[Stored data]
lemma nn_integral_le_dyadic_annuli_sum:
  fixes M :: "'a::metric_space measure" and f :: "'a \<Rightarrow> ennreal"
  assumes sets: "sets M = sets borel"
    and dominated: "AE y in M. f y \<le> (\<Sum>n. a n / emeasure M (cball x (R * 2 ^ Suc n)) *
      indicator {y. dist x y \<in> dyadic_shell R n} y)"
  shows "(\<integral>\<^sup>+ y. f y \<partial>completion M) \<le> (\<Sum>n. a n)"
proof -
  define A where "A n = {y. dist x y \<in> dyadic_shell R n}" for n
  define B where "B n = emeasure M (cball x (R * 2 ^ Suc n))" for n
  have "dist x \<in> borel_measurable borel"
    by (intro borel_measurable_continuous_onI continuous_on_dist continuous_on_const continuous_on_id)
  from measurable_sets[OF this, of "dyadic_shell R n" for n]
  have A_sets: "A n \<in> sets M" for n
    unfolding A_def sets by (simp add: vimage_def dyadic_shell_def)
  have "(\<integral>\<^sup>+ y. f y \<partial>completion M) \<le> (\<integral>\<^sup>+ y. (\<Sum>n. a n / B n * indicator (A n) y) \<partial>M)"
    unfolding nn_integral_completion[symmetric, of M] using dominated
    by (intro nn_integral_mono_AE AE_completion) (simp add: A_def B_def)
  also have "\<dots> = (\<Sum>n. a n / B n * emeasure M (A n))"
    using A_sets by (simp add: nn_integral_suminf nn_integral_cmult_indicator)
  also have "\<dots> \<le> (\<Sum>n. a n)"
  proof (intro suminf_le summableI)
    fix n
    have "A n \<subseteq> cball x (R * 2 ^ Suc n)"
      unfolding A_def dyadic_shell_def by auto
    then have "emeasure M (A n) \<le> B n"
      unfolding B_def using sets by (intro emeasure_mono) auto
    then show "a n / B n * emeasure M (A n) \<le> a n"
      by (subst mult.commute) (rule mult_divide_le_ennreal)
  qed
  finally show ?thesis .
qed

lemma nn_integral_far_kernel_le_dyadic_sum:
  fixes M :: "'a::metric_space measure" and \<rho> :: "'a \<Rightarrow> 'a \<Rightarrow> ennreal" and g :: "real \<Rightarrow> ennreal"
  assumes sets: "sets M = sets borel" and R: "0 < R" "R \<le> r" and p: "p \<ge> 0"
    and const: "\<And>n t. t \<in> dyadic_shell R n \<Longrightarrow> g t = g (R * 2 ^ Suc n)"
    and ae: "AE x' in M. x' \<in> \<Omega> \<and> x' \<noteq> x \<longrightarrow>
      \<rho> x x' \<le> g (dist x x') / emeasure M (cball x (4 * dist x x')) \<and>
      \<rho> x' x \<le> g (dist x x') / emeasure M (cball x' (4 * dist x x'))"
  shows "(\<integral>\<^sup>+ x'. indicator (\<Omega> \<inter> {x'. dist x x' > r}) x' *
      ((\<rho> x x' + \<rho> x' x) / ennreal (dist x x' powr p)) \<partial>completion M)
    \<le> 2 * (\<Sum>n. g (R * 2 ^ Suc n) / ennreal ((R * 2 ^ n) powr p))"
proof -
  define A where "A n = {x'. dist x x' \<in> dyadic_shell R n}" for n
  define a where "a n = 2 * g (R * 2 ^ Suc n) / ennreal ((R * 2 ^ n) powr p)" for n
  have A_disjoint: "disjoint_family A"
    using disjoint_family_dyadic_shell[OF R(1)] unfolding A_def disjoint_family_on_def by auto
  have "AE x' in M. indicator (\<Omega> \<inter> {x'. dist x x' > r}) x' *
      ((\<rho> x x' + \<rho> x' x) / ennreal (dist x x' powr p))
    \<le> (\<Sum>n. a n / emeasure M (cball x (R * 2 ^ Suc n)) * indicator (A n) x')"
    using ae
  proof eventually_elim
    case (elim x')
    show ?case
    proof (cases "x' \<in> \<Omega> \<and> r < dist x x'")
      case True
      then obtain n where n: "x' \<in> A n"
        using ex_dyadic_shell[OF R(1)] R(2) unfolding A_def by fastforce
      then have "(\<rho> x x' + \<rho> x' x) / ennreal (dist x x' powr p)
          \<le> a n / emeasure M (cball x (R * 2 ^ Suc n))"
        using elim True R unfolding A_def a_def
        by (intro kernel_sum_le_on_dyadic_shell[where g = g, OF sets R(1) p const]) auto
      with True show ?thesis
        by (simp add: suminf_cmult_indicator[OF A_disjoint n])
    qed simp
  qed
  then have "(\<integral>\<^sup>+ x'. indicator (\<Omega> \<inter> {x'. dist x x' > r}) x' *
      ((\<rho> x x' + \<rho> x' x) / ennreal (dist x x' powr p)) \<partial>completion M) \<le> (\<Sum>n. a n)"
    unfolding A_def by (rule nn_integral_le_dyadic_annuli_sum[OF sets])
  then show ?thesis
    by (simp add: a_def ennreal_times_divide[symmetric])
qed

lemma nn_integral_far_kernel_le_tail_integral:
  fixes M :: "'a::metric_space measure" and \<rho> :: "'a \<Rightarrow> 'a \<Rightarrow> ennreal" and g :: "real \<Rightarrow> ennreal"
  assumes sets: "sets M = sets borel" and r: "r > 0" and p: "p \<ge> 0" and b: "b > 0"
    and const: "\<forall>k::int. \<exists>c. \<forall>t\<in>{2 powr k * b <.. 2 powr (real_of_int k + 1) * b}. g t = c"
    and ae: "AE x' in M. x' \<in> \<Omega> \<and> x' \<noteq> x \<longrightarrow>
      \<rho> x x' \<le> g (dist x x') / emeasure M (cball x (4 * dist x x')) \<and>
      \<rho> x' x \<le> g (dist x x') / emeasure M (cball x' (4 * dist x x'))"
  shows "(\<integral>\<^sup>+ x'. indicator (\<Omega> \<inter> {x'. dist x x' > r}) x' *
      ((\<rho> x x' + \<rho> x' x) / ennreal (dist x x' powr p)) \<partial>completion M)
    \<le> 2 * ennreal (2 powr (p + 1)) *
      (\<integral>\<^sup>+ t\<in>{r / 2<..}. g t / ennreal (t powr (p + 1)) \<partial>lebesgue)"
proof -
  obtain k :: int where k: "r / 2 < 2 powr k * b" "2 powr k * b \<le> r"
    using ex_dyadic_multiple_between[OF r b] by blast
  define R where "R = 2 powr k * b"
  have R: "0 < R" "R \<le> r"
    using b k by (simp_all add: R_def)
  have shell_const: "g t = g (R * 2 ^ Suc n)" if "t \<in> dyadic_shell R n" for n t
    using const_on_dyadic_shell[OF const] that unfolding R_def .
  have "(\<integral>\<^sup>+ x'. indicator (\<Omega> \<inter> {x'. dist x x' > r}) x' *
      ((\<rho> x x' + \<rho> x' x) / ennreal (dist x x' powr p)) \<partial>completion M)
      \<le> 2 * (\<Sum>n. g (R * 2 ^ Suc n) / ennreal ((R * 2 ^ n) powr p))"
    by (rule nn_integral_far_kernel_le_dyadic_sum[OF sets R p shell_const ae])
  also have "\<dots> \<le> 2 * (ennreal (2 powr (p + 1)) *
      (\<integral>\<^sup>+ t\<in>{R<..}. g t / ennreal (t powr (p + 1)) \<partial>lebesgue))"
    by (intro mult_left_mono dyadic_sum_le_nn_integral[where g = g, OF R(1) p shell_const]) auto
  also have "\<dots> \<le> 2 * (ennreal (2 powr (p + 1)) *
      (\<integral>\<^sup>+ t\<in>{r / 2<..}. g t / ennreal (t powr (p + 1)) \<partial>lebesgue))"
    using k unfolding R_def
    by (intro mult_left_mono nn_integral_mono) (auto simp: indicator_def)
  finally show ?thesis
    by (simp add: mult.assoc)
qed

lemma sigma_finite_measure_locally_finite:
  fixes M :: "'a::second_countable_topology measure"
  assumes sets: "sets M = sets borel"
    and finite: "\<And>x. \<exists>U. open U \<and> x \<in> U \<and> emeasure M U < \<infinity>"
  shows "sigma_finite_measure M"
proof -
  let ?\<U> = "{U. open U \<and> emeasure M U < \<infinity>}"
  obtain \<U>' where \<U>': "\<U>' \<subseteq> ?\<U>" "countable \<U>'" "\<Union>\<U>' = \<Union>?\<U>"
    by (rule Lindelof[of ?\<U>]) simp
  have "\<Union>?\<U> = space M"
    using finite sets_eq_imp_space_eq[OF sets] by auto
  show ?thesis
  proof (rule sigma_finite_measure.intro, intro exI conjI)
    show "countable \<U>'" "\<Union>\<U>' = space M"
      using \<U>' \<open>\<Union>?\<U> = space M\<close> by simp_all
    show "\<U>' \<subseteq> sets M" "\<forall>U\<in>\<U>'. emeasure M U \<noteq> \<infinity>"
      using \<U>'(1) sets by auto
  qed
qed

lemma AE_pair_symmetrize:
  assumes "sigma_finite_measure M" and "AE z in M \<Otimes>\<^sub>M M. P (fst z) (snd z)"
  shows "AE x in M. AE y in M. P x y \<and> P y x"
proof -
  interpret pair_sigma_finite M M
    using assms(1) by (simp add: pair_sigma_finite_def)
  have "AE z in distr (M \<Otimes>\<^sub>M M) (M \<Otimes>\<^sub>M M) (\<lambda>(x, y). (y, x)). P (fst z) (snd z)"
    unfolding distr_pair_swap[symmetric] by (rule assms(2))
  then have "AE z in M \<Otimes>\<^sub>M M. P (snd z) (fst z)"
    by (auto dest: AE_distrD[OF measurable_pair_swap'] simp: split_beta)
  with assms(2) have "AE z in M \<Otimes>\<^sub>M M. P (fst z) (snd z) \<and> P (snd z) (fst z)"
    by eventually_elim auto
  then show ?thesis
    using AE_pair by fastforce
qed

lemma ess_sup_on_le:
  assumes "AE x in M. x \<in> \<Omega> \<longrightarrow> f x \<le> c"
  shows "ess_sup_on M \<Omega> f \<le> c"
  using assms unfolding ess_sup_on_def by (intro Inf_lower) simp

> [YOUR INSTRUCTIONS]:
Give the exact lines, and only those, from the line containing "then obtain n" through the line containing "2 powr (real_of_int" in the entries above.

> [ANSWER FOR THIS EXERCISE]:
      then obtain n where n: "x' \<in> A n"
        using ex_dyadic_shell[OF R(1)] R(2) unfolding A_def by fastforce
      then have "(\<rho> x x' + \<rho> x' x) / ennreal (dist x x' powr p)
          \<le> a n / emeasure M (cball x (R * 2 ^ Suc n))"
        using elim True R unfolding A_def a_def
        by (intro kernel_sum_le_on_dyadic_shell[where g = g, OF sets R(1) p const]) auto
      with True show ?thesis
        by (simp add: suminf_cmult_indicator[OF A_disjoint n])
    qed simp
  qed
  then have "(\<integral>\<^sup>+ x'. indicator (\<Omega> \<inter> {x'. dist x x' > r}) x' *
      ((\<rho> x x' + \<rho> x' x) / ennreal (dist x x' powr p)) \<partial>completion M) \<le> (\<Sum>n. a n)"
    unfolding A_def by (rule nn_integral_le_dyadic_annuli_sum[OF sets])
  then show ?thesis
    by (simp add: a_def ennreal_times_divide[symmetric])
qed

lemma nn_integral_far_kernel_le_tail_integral:
  fixes M :: "'a::metric_space measure" and \<rho> :: "'a \<Rightarrow> 'a \<Rightarrow> ennreal" and g :: "real \<Rightarrow> ennreal"
  assumes sets: "sets M = sets borel" and r: "r > 0" and p: "p \<ge> 0" and b: "b > 0"
    and const: "\<forall>k::int. \<exists>c. \<forall>t\<in>{2 powr k * b <.. 2 powr (real_of_int k + 1) * b}. g t = c"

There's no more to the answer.